What to work on ▸
Once the line with "pmf \<Rightarrow> 'a" is found in the entries below, repeat it and each following line exactly, up to and including the line with "Inl _ \<Rightarrow>". Add no other lines.

Dataset entries
(* There is an absolute constant $c>0$ such that for any two-prover game $\mathcal{G}$ and integers $k\ge2$, $l\ge 1$ with $kl\le|X|,|Y|$: if $opt^{r}_{Las}(\mathcal{G})=1$ for some $r\ge kl$, then $opt^{\lfloor cr/l\rfloor}_{Las}(\mathcal{G}^l_k)=1$.
   Context: A two-prover game $\mathcal{G}=(X,Y,\mathcal{Q},\Sigma_X,\Sigma_Y,\{P_{(x,y)}\})$ is viewed as a 2-CSP on variable set $X\cup Y$ (variables in $X$ take values in $\Sigma_X$, in $Y$ in $\Sigma_Y$) with distribution $\mathcal{Q}$ and predicates $P_{(x,y)}$. The instance $\mathcal{G}^l_k$ is the Max $k$-CSP whose variables are pairs $(S,T)\in\binom{X}{l}\times\binom{Y}{l}$, whose alphabet $\Sigma_X^l\times\Sigma_Y^l$ is identified with assignments to $S\cup T$, with uniform distribution on $k$-tuples of variables, and predicate on $((S_1,T_1),\dots,(S_k,T_k))$ equal to $1$ iff the assignments are mutually consistent and the combined assignment satisfies $P_{(x,y)}$ for every $(x,y)\in((\cup_jS_j)\times(\cup_jT_j))\cap\mathrm{supp}(\mathcal{Q})$, else $0$. For a CSP with variable set $V$ and distribution $\mathcal{W}$ over constraint tuples, an $r$-level Lasserre solution is a family of vectors $U_{(S,\phi_S)}$ for $S\subseteq V$, $|S|\le r$, $\phi_S$ an assignment to $S$, with: all inner products nonnegative; $\langle U_{(S_1,\phi_1)},U_{(S_2,\phi_2)}\rangle=\langle U_{(S_3,\phi_3)},U_{(S_4,\phi_4)}\rangle$ whenever $S_1\cup S_2=S_3\cup S_4$ and $\phi_1\circ\phi_2=\phi_3\circ\phi_4$; inner product $0$ when $\phi_1,\phi_2$ disagree on a common variable; $\sum_{\sigma}\|U_{(\{x\},x\mapsto\sigma)}\|^2=1$ for each $x$; $\|U_{(\emptyset,\emptyset)}\|=1$. Its value is $\mathbb{E}_{S\sim\mathcal{W}}[\sum_{\phi_S}\|U_{(S,\phi_S)}\|^2P_S(\phi_S)]$, and $opt^r_{Las}$ is the maximum value over $r$-level solutions.
   Formalization: The hypotheses also include $k \le \lfloor cr/l\rfloor$, so the conclusion is claimed only at levels of at least k, and the uniformly drawn k-tuples of variables of $\mathcal{G}^l_k$ may repeat a variable. Each condition added here is assumed in the paper as well or is needed for the statement above to hold. *)

theory Defs
  imports "HOL-Probability.Probability"
begin

text \<open>A CSP is given by a variable set V, an alphabet dom v for each variable,
a distribution W over constraint labels, a scope (set of variables) of each
constraint label and a predicate on assignments to the scope.\<close>

definition assignments :: "'v set \<Rightarrow> ('v \<Rightarrow> 'a set) \<Rightarrow> ('v \<rightharpoonup> 'a) set" where
  "assignments S alph = {\<phi>. dom \<phi> = S \<and> (\<forall>v\<in>S. the (\<phi> v) \<in> alph v)}"

definition consistent :: "('v \<rightharpoonup> 'a) \<Rightarrow> ('v \<rightharpoonup> 'a) \<Rightarrow> bool" where
  "consistent \<phi> \<psi> \<longleftrightarrow> (\<forall>v \<in> dom \<phi> \<inter> dom \<psi>. \<phi> v = \<psi> v)"

text \<open>Vectors are elements of R^d, represented as functions nat => real whose
coordinates below d are relevant.\<close>

definition ip :: "nat \<Rightarrow> (nat \<Rightarrow> real) \<Rightarrow> (nat \<Rightarrow> real) \<Rightarrow> real" where
  "ip d u w = (\<Sum>i<d. u i * w i)"

definition las_index :: "nat \<Rightarrow> 'v set \<Rightarrow> ('v \<Rightarrow> 'a set) \<Rightarrow> ('v set \<times> ('v \<rightharpoonup> 'a)) set" where
  "las_index r V alph = {(S, \<phi>). S \<subseteq> V \<and> finite S \<and> card S \<le> r \<and> \<phi> \<in> assignments S alph}"

definition lasserre_solution ::
  "nat \<Rightarrow> 'v set \<Rightarrow> ('v \<Rightarrow> 'a set) \<Rightarrow> nat \<Rightarrow> ('v set \<Rightarrow> ('v \<rightharpoonup> 'a) \<Rightarrow> nat \<Rightarrow> real) \<Rightarrow> bool" where
  "lasserre_solution r V alph d U \<longleftrightarrow>
     (\<forall>(S1,\<phi>1)\<in>las_index r V alph. \<forall>(S2,\<phi>2)\<in>las_index r V alph.
         ip d (U S1 \<phi>1) (U S2 \<phi>2) \<ge> 0) \<and>
     (\<forall>(S1,\<phi>1)\<in>las_index r V alph. \<forall>(S2,\<phi>2)\<in>las_index r V alph.
      \<forall>(S3,\<phi>3)\<in>las_index r V alph. \<forall>(S4,\<phi>4)\<in>las_index r V alph.
         S1 \<union> S2 = S3 \<union> S4 \<and> consistent \<phi>1 \<phi>2 \<and> consistent \<phi>3 \<phi>4 \<and>
         \<phi>1 ++ \<phi>2 = \<phi>3 ++ \<phi>4 \<longrightarrow>
         ip d (U S1 \<phi>1) (U S2 \<phi>2) = ip d (U S3 \<phi>3) (U S4 \<phi>4)) \<and>
     (\<forall>(S1,\<phi>1)\<in>las_index r V alph. \<forall>(S2,\<phi>2)\<in>las_index r V alph.
         \<not> consistent \<phi>1 \<phi>2 \<longrightarrow> ip d (U S1 \<phi>1) (U S2 \<phi>2) = 0) \<and>
     (\<forall>x\<in>V. (\<Sum>\<sigma>\<in>alph x. ip d (U {x} [x \<mapsto> \<sigma>]) (U {x} [x \<mapsto> \<sigma>])) = 1) \<and>
     ip d (U {} Map.empty) (U {} Map.empty) = 1"

definition las_value ::
  "('v \<Rightarrow> 'a set) \<Rightarrow> 'c pmf \<Rightarrow> ('c \<Rightarrow> 'v set) \<Rightarrow> ('c \<Rightarrow> ('v \<rightharpoonup> 'a) \<Rightarrow> bool)
   \<Rightarrow> nat \<Rightarrow> ('v set \<Rightarrow> ('v \<rightharpoonup> 'a) \<Rightarrow> nat \<Rightarrow> real) \<Rightarrow> real" where
  "las_value alph W scope pred d U =
     measure_pmf.expectation W (\<lambda>c.
        \<Sum>\<phi>\<in>assignments (scope c) alph.
           ip d (U (scope c) \<phi>) (U (scope c) \<phi>) * (if pred c \<phi> then 1 else 0))"

definition opt_las ::
  "nat \<Rightarrow> 'v set \<Rightarrow> ('v \<Rightarrow> 'a set) \<Rightarrow> 'c pmf \<Rightarrow> ('c \<Rightarrow> 'v set)
   \<Rightarrow> ('c \<Rightarrow> ('v \<rightharpoonup> 'a) \<Rightarrow> bool) \<Rightarrow> real" where
  "opt_las r V alph W scope pred =
     Sup {las_value alph W scope pred d U | d U. lasserre_solution r V alph d U}"

definition two_prover_game ::
  "'x set \<Rightarrow> 'y set \<Rightarrow> ('x \<times> 'y) pmf \<Rightarrow> 'a set \<Rightarrow> 'b set \<Rightarrow> bool" where
  "two_prover_game X Y Q SX SY \<longleftrightarrow>
     finite X \<and> finite Y \<and> X \<noteq> {} \<and> Y \<noteq> {} \<and> finite SX \<and> finite SY \<and>
     SX \<noteq> {} \<and> SY \<noteq> {} \<and> set_pmf Q \<subseteq> X \<times> Y"

definition game_vars :: "'x set \<Rightarrow> 'y set \<Rightarrow> ('x + 'y) set" where
  "game_vars X Y = Inl ` X \<union> Inr ` Y"

definition game_dom :: "'a set \<Rightarrow> 'b set \<Rightarrow> ('x + 'y) \<Rightarrow> ('a + 'b) set" where
  "game_dom SX SY v = (case v of Inl _ \<Rightarrow> Inl ` SX | Inr _ \<Rightarrow> Inr ` SY)"

definition game_scope :: "('x \<times> 'y) \<Rightarrow> ('x + 'y) set" where
  "game_scope q = {Inl (fst q), Inr (snd q)}"

definition game_pred ::
  "('x \<Rightarrow> 'y \<Rightarrow> 'a \<Rightarrow> 'b \<Rightarrow> bool) \<Rightarrow> ('x \<times> 'y) \<Rightarrow> (('x + 'y) \<rightharpoonup> ('a + 'b)) \<Rightarrow> bool" where
  "game_pred P q \<phi> = P (fst q) (snd q) (projl (the (\<phi> (Inl (fst q))))) (projr (the (\<phi> (Inr (snd q)))))"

Task response ▸
  "'x set \<Rightarrow> 'y set \<Rightarrow> ('x \<times> 'y) pmf \<Rightarrow> 'a set \<Rightarrow> 'b set \<Rightarrow> bool" where
  "two_prover_game X Y Q SX SY \<longleftrightarrow>
     finite X \<and> finite Y \<and> X \<noteq> {} \<and> Y \<noteq> {} \<and> finite SX \<and> finite SY \<and>
     SX \<noteq> {} \<and> SY \<noteq> {} \<and> set_pmf Q \<subseteq> X \<times> Y"

definition game_vars :: "'x set \<Rightarrow> 'y set \<Rightarrow> ('x + 'y) set" where
  "game_vars X Y = Inl ` X \<union> Inr ` Y"

definition game_dom :: "'a set \<Rightarrow> 'b set \<Rightarrow> ('x + 'y) \<Rightarrow> ('a + 'b) set" where
  "game_dom SX SY v = (case v of Inl _ \<Rightarrow> Inl ` SX | Inr _ \<Rightarrow> Inr ` SY)"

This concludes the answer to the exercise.